This first edition of the handbook ‘Genetic Consultations in the New-born’, ably edited by two eminent Clinical geneticists, is a part of series of specialist handbooks published by Oxford University Press with the aim to assist clinicians who care for newborns with congenital abnormalities in their diagnosis, genomic testing, and management.

This book is divided into various parts that includes newborn conditions related to growth abnormalities in addition to system specific abnormalities requiring syndromic delineation. It has 42 chapters with 19 commonly diagnosed genetic neonatal conditions. Each chapter starts with a clinical consult with patient picture that makes it more intriguing and generates interest in the readers. This is then followed by a brief information about the condition, discussion about the relevant differential diagnosis and evaluation and the management in a concise manner. Addition of relevant genetic information and related genetic testing makes it comprehensive. For additional and updated information, unique MIM number (online database Mendelian Inheritance in Man), links and references have also been provided. The text is appropriately supplemented by illustrative clinical pictures that are helpful for imbibing the information for the beginners. Another highlight of the book is incorporation of useful practical ‘pearls’ for various conditions. Probably, inclusion of inborn errors of metabolism protocols could have made it a thorough reference for neonatologists.
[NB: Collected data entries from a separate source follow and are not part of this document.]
(* The variety $\mathbb{ML}^{\Box\Diamond}_{\mathrm{d}}$ is generated by its finite members; that is, an identity in the signature $\{\wedge,\vee,\neg,\Box,\Diamond,0,1\}$ holds in every algebra of $\mathbb{ML}^{\Box\Diamond}_{\mathrm{d}}$ if and only if it holds in every finite algebra of $\mathbb{ML}^{\Box\Diamond}_{\mathrm{d}}$.
   Context: A meet-complemented lattice is a lattice $(L,\le)$ such that for every $a\in L$ the element $\neg a=\max\{b\in L: a\wedge b\le c\ \text{for all } c\in L\}$ exists; it is bounded with bottom $0$ and top $1$. For $a\in L$, $\Box a=\max\{b\in L: a\vee\neg b=1\}$ and $\Diamond a=\min\{b\in L: \neg a\vee b=1\}$, when these exist. $\mathbb{ML}^{\Box\Diamond}_{\mathrm{d}}$ is the class of distributive meet-complemented lattices in which $\Box a$ and $\Diamond a$ exist for every $a$, considered as algebras $(L;\wedge,\vee,\neg,\Box,\Diamond,0,1)$. *)

theory Defs
  imports Main
begin

record 'a mlalg =
  carrier :: "'a set"
  meet :: "'a \<Rightarrow> 'a \<Rightarrow> 'a"
  join :: "'a \<Rightarrow> 'a \<Rightarrow> 'a"
  neg  :: "'a \<Rightarrow> 'a"
  box  :: "'a \<Rightarrow> 'a"
  dia  :: "'a \<Rightarrow> 'a"
  zero :: 'a
  one  :: 'a

definition le :: "('a, 'b) mlalg_scheme \<Rightarrow> 'a \<Rightarrow> 'a \<Rightarrow> bool" where
  "le A x y \<longleftrightarrow> meet A x y = x"

definition is_max :: "('a, 'b) mlalg_scheme \<Rightarrow> 'a set \<Rightarrow> 'a \<Rightarrow> bool" where
  "is_max A S x \<longleftrightarrow> x \<in> S \<and> (\<forall>y\<in>S. le A y x)"

definition is_min :: "('a, 'b) mlalg_scheme \<Rightarrow> 'a set \<Rightarrow> 'a \<Rightarrow> bool" where
  "is_min A S x \<longleftrightarrow> x \<in> S \<and> (\<forall>y\<in>S. le A x y)"

definition distrib_bounded_lattice :: "('a, 'b) mlalg_scheme \<Rightarrow> bool" where
  "distrib_bounded_lattice A \<longleftrightarrow>
     (let L = carrier A; m = meet A; j = join A in
       (\<forall>x\<in>L. \<forall>y\<in>L. m x y \<in> L \<and> j x y \<in> L) \<and>
       zero A \<in> L \<and> one A \<in> L \<and>
       (\<forall>x\<in>L. \<forall>y\<in>L. m x y = m y x \<and> j x y = j y x) \<and>
       (\<forall>x\<in>L. \<forall>y\<in>L. \<forall>z\<in>L. m x (m y z) = m (m x y) z \<and> j x (j y z) = j (j x y) z) \<and>
       (\<forall>x\<in>L. \<forall>y\<in>L. m x (j x y) = x \<and> j x (m x y) = x) \<and>
       (\<forall>x\<in>L. \<forall>y\<in>L. \<forall>z\<in>L. m x (j y z) = j (m x y) (m x z)) \<and>
       (\<forall>x\<in>L. le A (zero A) x \<and> le A x (one A)))"

text \<open>Members of the class MLbd: distributive meet-complemented lattices in which
  Box and Dia exist, the operations neg, box, dia being the ones determined by the order.\<close>
definition is_MLbd :: "('a, 'b) mlalg_scheme \<Rightarrow> bool" where
  "is_MLbd A \<longleftrightarrow> distrib_bounded_lattice A \<and>
     (\<forall>a\<in>carrier A.
        is_max A {b\<in>carrier A. \<forall>c\<in>carrier A. le A (meet A a b) c} (neg A a) \<and>
        is_max A {b\<in>carrier A. join A a (neg A b) = one A} (box A a) \<and>
        is_min A {b\<in>carrier A. join A (neg A a) b = one A} (dia A a))"

datatype trm = Var nat | Meet trm trm | Join trm trm | Neg trm | Box trm | Dia trm
  | Zero | One

primrec eval :: "('a, 'b) mlalg_scheme \<Rightarrow> (nat \<Rightarrow> 'a) \<Rightarrow> trm \<Rightarrow> 'a" where
  "eval A \<rho> (Var n) = \<rho> n"
| "eval A \<rho> (Meet s t) = meet A (eval A \<rho> s) (eval A \<rho> t)"
| "eval A \<rho> (Join s t) = join A (eval A \<rho> s) (eval A \<rho> t)"
| "eval A \<rho> (Neg s) = neg A (eval A \<rho> s)"
| "eval A \<rho> (Box s) = box A (eval A \<rho> s)"
| "eval A \<rho> (Dia s) = dia A (eval A \<rho> s)"
| "eval A \<rho> Zero = zero A"
| "eval A \<rho> One = one A"

definition holds_in :: "('a, 'b) mlalg_scheme \<Rightarrow> trm \<Rightarrow> trm \<Rightarrow> bool" where
  "holds_in A s t \<longleftrightarrow> (\<forall>\<rho>. (\<forall>n. \<rho> n \<in> carrier A) \<longrightarrow> eval A \<rho> s = eval A \<rho> t)"

end

theory Submission
  imports Defs
begin
lemma eval_fps_deriv_factor_power:
  fixes F :: "real fps"
  assumes rad: "ereal (norm h) < fps_conv_radius F"
  defines "k \<equiv> subdegree F"
  shows "eval_fps F h = h ^ k * eval_fps (fps_shift k F) h"
    and "h * eval_fps (fps_deriv F) h = h ^ k * eval_fps (fps_shift k (fps_X * fps_deriv F)) h"
    and "h\<^sup>2 * eval_fps (fps_deriv (fps_deriv F)) h
           = h ^ k * eval_fps (fps_shift k (fps_X\<^sup>2 * fps_deriv (fps_deriv F))) h"
proof -
  have rad1: "ereal (norm h) < fps_conv_radius (fps_deriv F)"
    using rad fps_conv_radius_deriv[of F] by (rule order.strict_trans2)
  have rad2: "ereal (norm h) < fps_conv_radius (fps_deriv (fps_deriv F))"
    using rad1 fps_conv_radius_deriv[of "fps_deriv F"] by (rule order.strict_trans2)
  show "eval_fps F h = h ^ k * eval_fps (fps_shift k F) h"
    using rad unfolding k_def by (rule eval_fps_eq_power_mult_shift) (rule nth_less_subdegree_zero)
  have "eval_fps (fps_X * fps_deriv F) h = h ^ k * eval_fps (fps_shift k (fps_X * fps_deriv F)) h"
    using rad1 fps_conv_radius_mult[of fps_X "fps_deriv F"] fps_nth_X_mult_deriv_eq_0(1)
    unfolding k_def by (intro eval_fps_eq_power_mult_shift) (auto intro: order.strict_trans2)
  then show "h * eval_fps (fps_deriv F) h = h ^ k * eval_fps (fps_shift k (fps_X * fps_deriv F)) h"
    using rad1 by (simp add: eval_fps_mult)
  have "eval_fps (fps_X\<^sup>2 * fps_deriv (fps_deriv F)) h
          = h ^ k * eval_fps (fps_shift k (fps_X\<^sup>2 * fps_deriv (fps_deriv F))) h"
    using rad2 fps_conv_radius_mult[of "fps_X\<^sup>2" "fps_deriv (fps_deriv F)"] fps_nth_X_mult_deriv_eq_0(2)
    unfolding k_def by (intro eval_fps_eq_power_mult_shift) (auto intro: order.strict_trans2)
  then show "h\<^sup>2 * eval_fps (fps_deriv (fps_deriv F)) h
               = h ^ k * eval_fps (fps_shift k (fps_X\<^sup>2 * fps_deriv (fps_deriv F))) h"
    using rad2 by (simp add: eval_fps_mult)
qed

lemma Hq_quotient_cancel_power:
  fixes h y u v w a b c :: real
  assumes "h \<noteq> 0" "u = h ^ k * a" "h * v = h ^ k * b" "h\<^sup>2 * w = h ^ k * c"
  shows "y\<^sup>2 * u * w / (u\<^sup>2 + y\<^sup>2 * v\<^sup>2) = y\<^sup>2 * a * c / (h\<^sup>2 * a\<^sup>2 + y\<^sup>2 * b\<^sup>2)"
proof -
  have num: "h\<^sup>2 * (y\<^sup>2 * u * w) = (h ^ k)\<^sup>2 * (y\<^sup>2 * a * c)"
  proof -
    have "h\<^sup>2 * (y\<^sup>2 * u * w) = y\<^sup>2 * u * (h\<^sup>2 * w)" by (simp add: algebra_simps)
    then show ?thesis using assms(2,4) by (simp add: power2_eq_square algebra_simps)
  qed
  have den: "h\<^sup>2 * (u\<^sup>2 + y\<^sup>2 * v\<^sup>2) = (h ^ k)\<^sup>2 * (h\<^sup>2 * a\<^sup>2 + y\<^sup>2 * b\<^sup>2)"
  proof -
    have "h\<^sup>2 * (u\<^sup>2 + y\<^sup>2 * v\<^sup>2) = h\<^sup>2 * u\<^sup>2 + y\<^sup>2 * (h * v)\<^sup>2" by (simp add: algebra_simps power2_eq_square)
    then show ?thesis using assms(2,3) by (simp add: power2_eq_square algebra_simps)
  qed
  have "y\<^sup>2 * u * w / (u\<^sup>2 + y\<^sup>2 * v\<^sup>2) = (h\<^sup>2 * (y\<^sup>2 * u * w)) / (h\<^sup>2 * (u\<^sup>2 + y\<^sup>2 * v\<^sup>2))"
    using assms(1) by simp
  also have "\<dots> = y\<^sup>2 * a * c / (h\<^sup>2 * a\<^sup>2 + y\<^sup>2 * b\<^sup>2)"
    unfolding num den using assms(1) by simp
  finally show ?thesis .
qed

lemma Hq_eq_continuous_near_nonzero:
  assumes F: "fps_expansion_on_ball f x r F" "r > 0" and nz: "fps_nth F 0 \<noteq> 0"
  shows "\<exists>Q. isCont Q x \<and> eventually (\<lambda>y. Hq f y = Q y) (at x)"
proof -
  define Q where "Q y = y\<^sup>2 * eval_fps F (y - x) * eval_fps (fps_deriv (fps_deriv F)) (y - x)
      / ((eval_fps F (y - x))\<^sup>2 + y\<^sup>2 * (eval_fps (fps_deriv F) (y - x))\<^sup>2)" for y
  have "isCont Q x"
    unfolding Q_def using nz fps_expansion_on_ball_conv_radius_pos[OF F]
      fps_conv_radius_deriv[of F] fps_conv_radius_deriv[of "fps_deriv F"]
    by (intro continuous_intros isCont_eval_fps_diff)
      (auto simp: eval_fps_at_0 add_nonneg_eq_0_iff intro: order.strict_trans2)
  moreover have "eventually (\<lambda>y. y \<in> ball x r) (at x)"
    using F(2) by (intro eventually_at_in_open') auto
  then have "eventually (\<lambda>y. Hq f y = Q y) (at x)"
    by eventually_elim (simp add: Q_def Hq_fps_expansion_on_ball[OF F(1)])
  ultimately show ?thesis by blast
qed

lemma Hq_eq_continuous_near_zero:
  assumes F: "fps_expansion_on_ball f x r F" "r > 0" "F \<noteq> 0" "fps_nth F 0 = 0" and "x \<noteq> 0"
  shows "\<exists>Q. isCont Q x \<and> eventually (\<lambda>y. Hq f y = Q y) (at x)"
proof -
  define k where "k = subdegree F"
  define A B C where "A = fps_shift k F" and "B = fps_shift k (fps_X * fps_deriv F)"
    and "C = fps_shift k (fps_X\<^sup>2 * fps_deriv (fps_deriv F))"
  define Q where "Q y = y\<^sup>2 * eval_fps A (y - x) * eval_fps C (y - x)
      / ((y - x)\<^sup>2 * (eval_fps A (y - x))\<^sup>2 + y\<^sup>2 * (eval_fps B (y - x))\<^sup>2)" for y
  have "k \<noteq> 0"
    using F(3,4) by (simp add: k_def subdegree_eq_0_iff)
  have "0 < fps_conv_radius A" "0 < fps_conv_radius B" "0 < fps_conv_radius C"
    using fps_expansion_on_ball_conv_radius_pos[OF F(1,2)]
      fps_conv_radius_deriv[of F] fps_conv_radius_deriv[of "fps_deriv F"]
      fps_conv_radius_mult[of fps_X "fps_deriv F"]
      fps_conv_radius_mult[of "fps_X\<^sup>2" "fps_deriv (fps_deriv F)"]
    by (auto simp: A_def B_def C_def intro: order.strict_trans2)
  moreover have "fps_nth B 0 \<noteq> 0"
    using F(3) \<open>k \<noteq> 0\<close> by (simp add: B_def k_def)
  ultimately have "isCont Q x"
    unfolding Q_def using \<open>x \<noteq> 0\<close>
    by (intro continuous_intros isCont_eval_fps_diff) (simp_all add: eval_fps_at_0)
  moreover have "eventually (\<lambda>y. y \<in> ball x r) (at x)"
    using F(2) by (intro eventually_at_in_open') auto
  with eventually_neq_at_within[of x x UNIV] have "eventually (\<lambda>y. Hq f y = Q y) (at x)"
  proof eventually_elim
    case (elim y)
    note factor = eval_fps_deriv_factor_power[OF fps_expansion_on_ball_radius[OF F(1) elim(2)]]
    have "y - x \<noteq> 0"
      using elim by simp
    from Hq_quotient_cancel_power[OF this factor] show ?case
      unfolding Hq_fps_expansion_on_ball[OF F(1) elim(2)] Q_def by (simp add: A_def B_def C_def k_def)
  qed
  ultimately show ?thesis by blast
qed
Overall, it is a useful resource for practising neonatologists and the pediatricians requiring a genetic consultation for the care of infants with common congenital malformations and related genetic syndromes. I recommend this book as a quick reference for initiating a genetic workup especially in areas that do not have access to the clinical genetics expertise. However, this book is not a substitute for a genetic consultation by an experienced clinical geneticist.